Eskapade supports the use of Spark Streaming as demonstrated in the word count example tutorials/esk610_spark_streaming_wordcount.py. The data is processed in (near) real-time as micro batches of RDD’s, so-called discretized streaming, where the stream originates from either new incoming files or network connection. As with regular Spark queries, various transformations can be defined and applied in subsequent Eskapade links.

For details on Spark Streaming, see also https://spark.apache.org/docs/2.1.1/streaming-programming-guide.html.

File stream

The word count example using the file stream method can be run by executing in two different terminals:

terminal 1 $ eskapade_run -c stream_type='file' python/eskapadespark/tutorials/esk610_spark_streaming_wordcount.py

terminal 2 $ mkdir /tmp/eskapade_stream_test/
terminal 2 $ for ((i=0; i<=100; i++)); do echo "Hello world" > /tmp/eskapade_stream_test/dummy_$(printf %05d ${i}); sleep 0.2; done

Where bash for-loop will create a new file containing Hello world in the /tmp/eskapade_stream_test directory every 0.2 second.
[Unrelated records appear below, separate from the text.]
lemma finite_orbits_faces:
  assumes D: "finite D" "D \<subseteq> X"
  shows "finite (simplex_orbit ` faces (\<Union>(simplex_orbit ` D)))"
proof -
  have "simplex_orbit ` faces (\<Union>(simplex_orbit ` D)) \<subseteq> simplex_orbit ` (\<Union>d\<in>D. Pow d)"
  proof
    fix B assume "B \<in> simplex_orbit ` faces (\<Union>(simplex_orbit ` D))"
    then obtain \<sigma> d h where \<sigma>: "B = simplex_orbit \<sigma>" "\<sigma> \<subseteq> \<phi> h ` d" and d: "d \<in> D" "h \<in> carrier G"
      by (auto simp: faces_def orbit_def)
    have d_vertices: "d \<subseteq> vertices X" using d(1) D(2) simplex_subset_vertices by blast
    then have \<sigma>_vertices: "\<sigma> \<subseteq> vertices X" using \<sigma>(2) image_subset_action[OF _ d(2)] by blast
    define \<sigma>0 where "\<sigma>0 = \<phi> (inv h) ` \<sigma>"
    have "\<sigma>0 \<subseteq> d" using \<sigma>(2) image_inv_image[OF d_vertices d(2)] unfolding \<sigma>0_def by blast
    moreover have "\<sigma> = \<phi> h ` \<sigma>0" using image_image_inv[OF \<sigma>_vertices d(2)] by (simp add: \<sigma>0_def)
    ultimately have "B = simplex_orbit \<sigma>0"
      using \<sigma>(1) simplex_orbit_image[OF _ d(2), of \<sigma>0] d_vertices by auto
    then show "B \<in> simplex_orbit ` (\<Union>d\<in>D. Pow d)" using \<open>\<sigma>0 \<subseteq> d\<close> d(1) by blast
  qed
  moreover have "finite (\<Union>d\<in>D. Pow d)"
    using D complex by (auto simp: simplicial_complex_def)
  ultimately show ?thesis by (meson finite_imageI finite_subset)
qed

lemma G_cs_Un_faces:
  assumes Z: "G_cs G \<phi> X Z" and D: "finite D" "D \<subseteq> X"
  shows "G_cs G \<phi> X (Z \<union> faces (\<Union>(simplex_orbit ` D)))"
proof -
  let ?S = "\<Union>(simplex_orbit ` D)"
  have Z_sub: "Z \<subseteq> X" "simplicial_complex Z" and Z_inv: "invariant Z"
    and Z_fin: "finite (simplex_orbit ` Z)"
    using Z by (simp_all add: G_cs_iff subcomplex_def)
  have S_X: "?S \<subseteq> X" using Union_orbits_subset[OF invariant_complex D(2)] .
  have "invariant (Z \<union> faces ?S)"
    unfolding invariant_def
  proof (intro ballI)
    fix g \<sigma> assume g: "g \<in> carrier G" and "\<sigma> \<in> Z \<union> faces ?S"
    then consider "\<sigma> \<in> Z" | t where "t \<in> ?S" "\<sigma> \<subseteq> t" "\<sigma> \<noteq> {}" by (auto simp: faces_def)
    then show "\<phi> g ` \<sigma> \<in> Z \<union> faces ?S"
    proof cases
      case 1
      then show ?thesis using Z_inv g by (simp add: invariant_def)
    next
      case 2
      then have "\<phi> g ` t \<in> ?S"
        using invariant_Union_orbits[OF D(2)] g unfolding invariant_def by blast
      moreover have "\<phi> g ` \<sigma> \<subseteq> \<phi> g ` t" "\<phi> g ` \<sigma> \<noteq> {}" using 2 by auto
      ultimately show ?thesis unfolding faces_def by blast
    qed
  qed
  then show ?thesis
    using Z_sub Z_fin faces_subset[OF complex S_X]
      simplicial_complex_Un_faces[OF Z_sub(2) complex S_X]
      finite_orbits_faces[OF D]
    by (simp add: G_cs_iff subcomplex_def image_Un)
qed

lemma has_free_edge_image:
  assumes Z: "invariant Z" and S: "invariant S" "S \<subseteq> X"
    and t: "t \<in> S" "has_free_edge Z S t" and g: "g \<in> carrier G"
  shows "has_free_edge Z S (\<phi> g ` t)"
proof -
  obtain e where e: "card e = 2" "e \<subseteq> t" "e \<notin> Z" and e_free: "\<forall>t'\<in>S. e \<subseteq> t' \<longrightarrow> t' = t"
    using t(2) by (auto simp: has_free_edge_def)
  have e_vertices: "e \<subseteq> vertices X" using e(2) S(2) t(1) simplex_subset_vertices by blast
  have "t' = \<phi> g ` t" if "t' \<in> S" "\<phi> g ` e \<subseteq> t'" for t'
  proof -
    have t'_vertices: "t' \<subseteq> vertices X" using that(1) S(2) simplex_subset_vertices by blast
    have "\<phi> (inv g) ` t' \<in> S" using S(1) that(1) inv_closed[OF g] by (simp add: invariant_def)
    moreover have "e \<subseteq> \<phi> (inv g) ` t'"
      using image_mono[OF that(2), of "\<phi> (inv g)"] image_inv_image[OF e_vertices g] by simp
    ultimately have "\<phi> (inv g) ` t' = t" using e_free by blast
    then show ?thesis using image_image_inv[OF t'_vertices g] by auto
  qed
  moreover have "card (\<phi> g ` e) = 2" "\<phi> g ` e \<notin> Z"
    using e card_image_action[OF e_vertices g] invariant_image_mem_iff[OF Z e_vertices g]
    by simp_all
  ultimately show ?thesis using e(2) unfolding has_free_edge_def by blast
qed

lemma edge_equiv_collapse_orbit:
  assumes Z: "G_cs G \<phi> X Z" and D: "finite D" "D \<subseteq> triangles_outside Z X"
    and t: "t \<in> \<Union>(simplex_orbit ` D)" "has_free_edge Z (\<Union>(simplex_orbit ` D)) t"
    and p: "edge_path Z p" and q: "edge_path Z q" and pq: "edge_equiv (extend_by Z X D) p q"
  shows "edge_equiv (extend_by Z X (D - simplex_orbit t)) p q"
proof -
  let ?S = "\<Union>(simplex_orbit ` D)"
  have Z_sub: "subcomplex Z X" and Z_inv: "invariant Z" using Z by (simp_all add: G_cs_iff)
  have D_X: "D \<subseteq> X" using D(2) by (auto simp: triangles_outside_def)
  have S_X: "?S \<subseteq> X" using Union_orbits_subset[OF invariant_complex D_X] .
  have D_S: "D \<subseteq> ?S" using D_X by (rule subset_Union_orbits)
  have "has_free_edge Z D \<tau>" if \<tau>: "\<tau> \<in> D \<inter> simplex_orbit t" for \<tau>
  proof -
    obtain g where "g \<in> carrier G" "\<tau> = \<phi> g ` t" using \<tau> unfolding orbit_def by blast
    then have "has_free_edge Z ?S \<tau>"
      using has_free_edge_image[OF Z_inv invariant_Union_orbits[OF D_X] S_X t] by simp
    then show ?thesis using D_S by (rule has_free_edge_subset)
  qed
  then have "edge_equiv (extend_by Z X (D - D \<inter> simplex_orbit t)) p q"
    using edge_equiv_extend_by_collapse_all[OF complex Z_sub p q _ _ D(2) _ pq] D(1) by blast
  then show ?thesis by (simp add: Diff_Int)
qed

lemma card_orbits_Diff_orbit_less:
  assumes D: "finite D" "D \<subseteq> X" and t: "t \<in> \<Union>(simplex_orbit ` D)"
  shows "card (simplex_orbit ` (D - simplex_orbit t)) < card (simplex_orbit ` D)"
proof -
  obtain d h where d: "d \<in> D" "h \<in> carrier G" "t = \<phi> h ` d" using t by (auto simp: orbit_def)
  have same_orbit: "simplex_orbit t = simplex_orbit d"
    using simplex_orbit_image[OF _ d(2)] d D(2) simplex_subset_vertices by blast
  have "simplex_orbit ` (D - simplex_orbit t) \<subseteq> simplex_orbit ` D - {simplex_orbit t}"
  proof
    fix B assume "B \<in> simplex_orbit ` (D - simplex_orbit t)"
    then obtain d' where d': "d' \<in> D" "d' \<notin> simplex_orbit t" "B = simplex_orbit d'" by blast
    moreover have "d' \<in> simplex_orbit d'"
      using d'(1) D(2) mem_simplex_orbit_self simplex_subset_vertices by blast
    ultimately show "B \<in> simplex_orbit ` D - {simplex_orbit t}" by auto
  qed
  then have "card (simplex_orbit ` (D - simplex_orbit t))
      \<le> card (simplex_orbit ` D - {simplex_orbit t})"
    using D(1) by (intro card_mono) simp_all
  also have "\<dots> < card (simplex_orbit ` D)"
    using D(1) same_orbit d(1) by (intro card_Diff1_less) simp_all
  finally show ?thesis .
qed

lemma minimal_filling:
  assumes Z: "G_cs G \<phi> X Z" and p: "edge_path Z p" and q: "edge_path Z q" and pq: "edge_equiv X p q"
  obtains D where "finite D" "D \<subseteq> triangles_outside Z X" "edge_equiv (extend_by Z X D) p q"
    and "\<And>t. t \<in> \<Union>(simplex_orbit ` D) \<Longrightarrow> \<not> has_free_edge Z (\<Union>(simplex_orbit ` D)) t"
proof -
  let ?fills = "\<lambda>D. finite D \<and> D \<subseteq> triangles_outside Z X \<and> edge_equiv (extend_by Z X D) p q"
  have "subcomplex Z X" using Z by (simp add: G_cs_iff)
  then obtain D0 where "?fills D0" using extend_by_finite_support[OF _ pq] by blast
  then obtain D where D: "?fills D"
    and least: "\<And>D'. ?fills D' \<Longrightarrow> card (simplex_orbit ` D) \<le> card (simplex_orbit ` D')"
    using ex_has_least_nat[of ?fills D0 "\<lambda>D. card (simplex_orbit ` D)"] by blast
  have D_fin: "finite D" and D_sub: "D \<subseteq> triangles_outside Z X"
    and D_fills: "edge_equiv (extend_by Z X D) p q" using D by simp_all
  have D_X: "D \<subseteq> X" using D_sub by (auto simp: triangles_outside_def)
  show thesis
  proof (rule that[OF D_fin D_sub D_fills notI])
    fix t assume t: "t \<in> \<Union>(simplex_orbit ` D)" and free: "has_free_edge Z (\<Union>(simplex_orbit ` D)) t"
    have "D - simplex_orbit t \<subseteq> triangles_outside Z X" using D_sub by blast
    moreover have "edge_equiv (extend_by Z X (D - simplex_orbit t)) p q"
      by (rule edge_equiv_collapse_orbit[OF Z D_fin D_sub t free p q D_fills])
    ultimately have "card (simplex_orbit ` D) \<le> card (simplex_orbit ` (D - simplex_orbit t))"
      using D_fin by (intro least) simp
    then show False using card_orbits_Diff_orbit_less[OF D_fin D_X t] by linarith
  qed
qed

end

theorem corollary3p4:
  fixes G :: "('g, 'm) monoid_scheme" and \<phi> :: "'g \<Rightarrow> 'v \<Rightarrow> 'v"
    and X Z :: "'v set set"
  assumes "group G"
    and "simplicial_complex X"
    and "simplicial_action G \<phi> X"
    and "sc_connected X"
    and "G_cs G \<phi> X Z"
    and "sc_connected Z"
    and "essential Z"
    and "\<not> pi1_injective Z X"
  shows "\<exists>W. G_cs G \<phi> X W \<and> thick W \<and> Z \<subseteq> W"
proof -
  interpret simplicial_group_action G \<phi> X using assms(2,3) by unfold_locales
  have Z: "simplicial_complex Z" "invariant Z" using assms(5)
    by (simp_all add: G_cs_iff subcomplex_def)
  obtain p where p: "edge_path Z p" "hd p = last p" "edge_equiv X p [hd p]"
    and not_null: "\<not> edge_equiv Z p [hd p]"
    using assms(8) unfolding pi1_injective_def by blast
  have hd_p: "{hd p} \<in> Z" using edge_path_hd_vertex[OF Z(1) p(1)] not_null by fastforce
  obtain D where D: "finite D" "D \<subseteq> triangles_outside Z X" "edge_equiv (extend_by Z X D) p [hd p]"
    and no_free: "\<And>t. t \<in> \<Union>(simplex_orbit ` D) \<Longrightarrow> \<not> has_free_edge Z (\<Union>(simplex_orbit ` D)) t"
    using minimal_filling[OF assms(5) p(1) _ p(3)] by (auto simp: edge_path_def)
  have "\<not> shares_no_edge (extend_by Z X D) Z"
    using edge_equiv_in_subcomplex[OF Z(1) assms(6) _ p(1) _ hd_p D(3)] p(2) hd_p not_null by auto
  then obtain t e where t: "t \<in> D" and e: "e \<in> Z" "card e = 2" "e \<subseteq> t"
    by (auto simp: shares_no_edge_def extend_by_def)
  define S where "S = \<Union>(simplex_orbit ` D)"
  have D_X: "D \<subseteq> X" using D(2) by (auto simp: triangles_outside_def)
  have S: "D \<subseteq> S" "S \<subseteq> triangles_outside Z X"
    unfolding S_def using subset_Union_orbits[OF D_X] Union_orbits_subset[OF _ D(2)]
      invariant_triangles_outside[OF Z(2)] by simp_all
  have "essential (Z \<union> faces S)"
    using S no_free
    by (intro essential_Un_faces[OF assms(7)]) (auto simp: S_def triangles_outside_def)
  then have "thick (Z \<union> faces S)"
    using t S by (intro thick_Un_faces[OF _ assms(7) _ _ _ e]) (auto simp: triangles_outside_def)
  moreover have "G_cs G \<phi> X (Z \<union> faces S)" unfolding S_def
    by (rule G_cs_Un_faces[OF assms(5) D(1) D_X])
  ultimately show ?thesis by blast
qed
Spark Streaming will pick up and process these files and in terminal 1 a word count of the processed data will be displayed. Output is stored in results/esk610_spark_streaming/data/v0/dstream/wordcount. Only new files in /tmp/eskapade_stream_test are processed, do not forget to delete this directory.

TCP stream

The word count example using the TCP stream method can be run by executing in two different terminals:

terminal 1 $ eskapade_run -c stream_type='tcp' python/eskapadespark/tutorials/esk610_spark_streaming_wordcount.py

terminal 2 $ nc -lk 9999

Where nc (netcat) will stream data to port 9999 and Spark Streaming will listen to this port and process incoming data. In terminal 2 random words can be type (followed by enter) and in terminal 1 a word count of the processed data will by displayed. Output is stored in results/esk610_spark_streaming/data/v0/dstream/wordcount.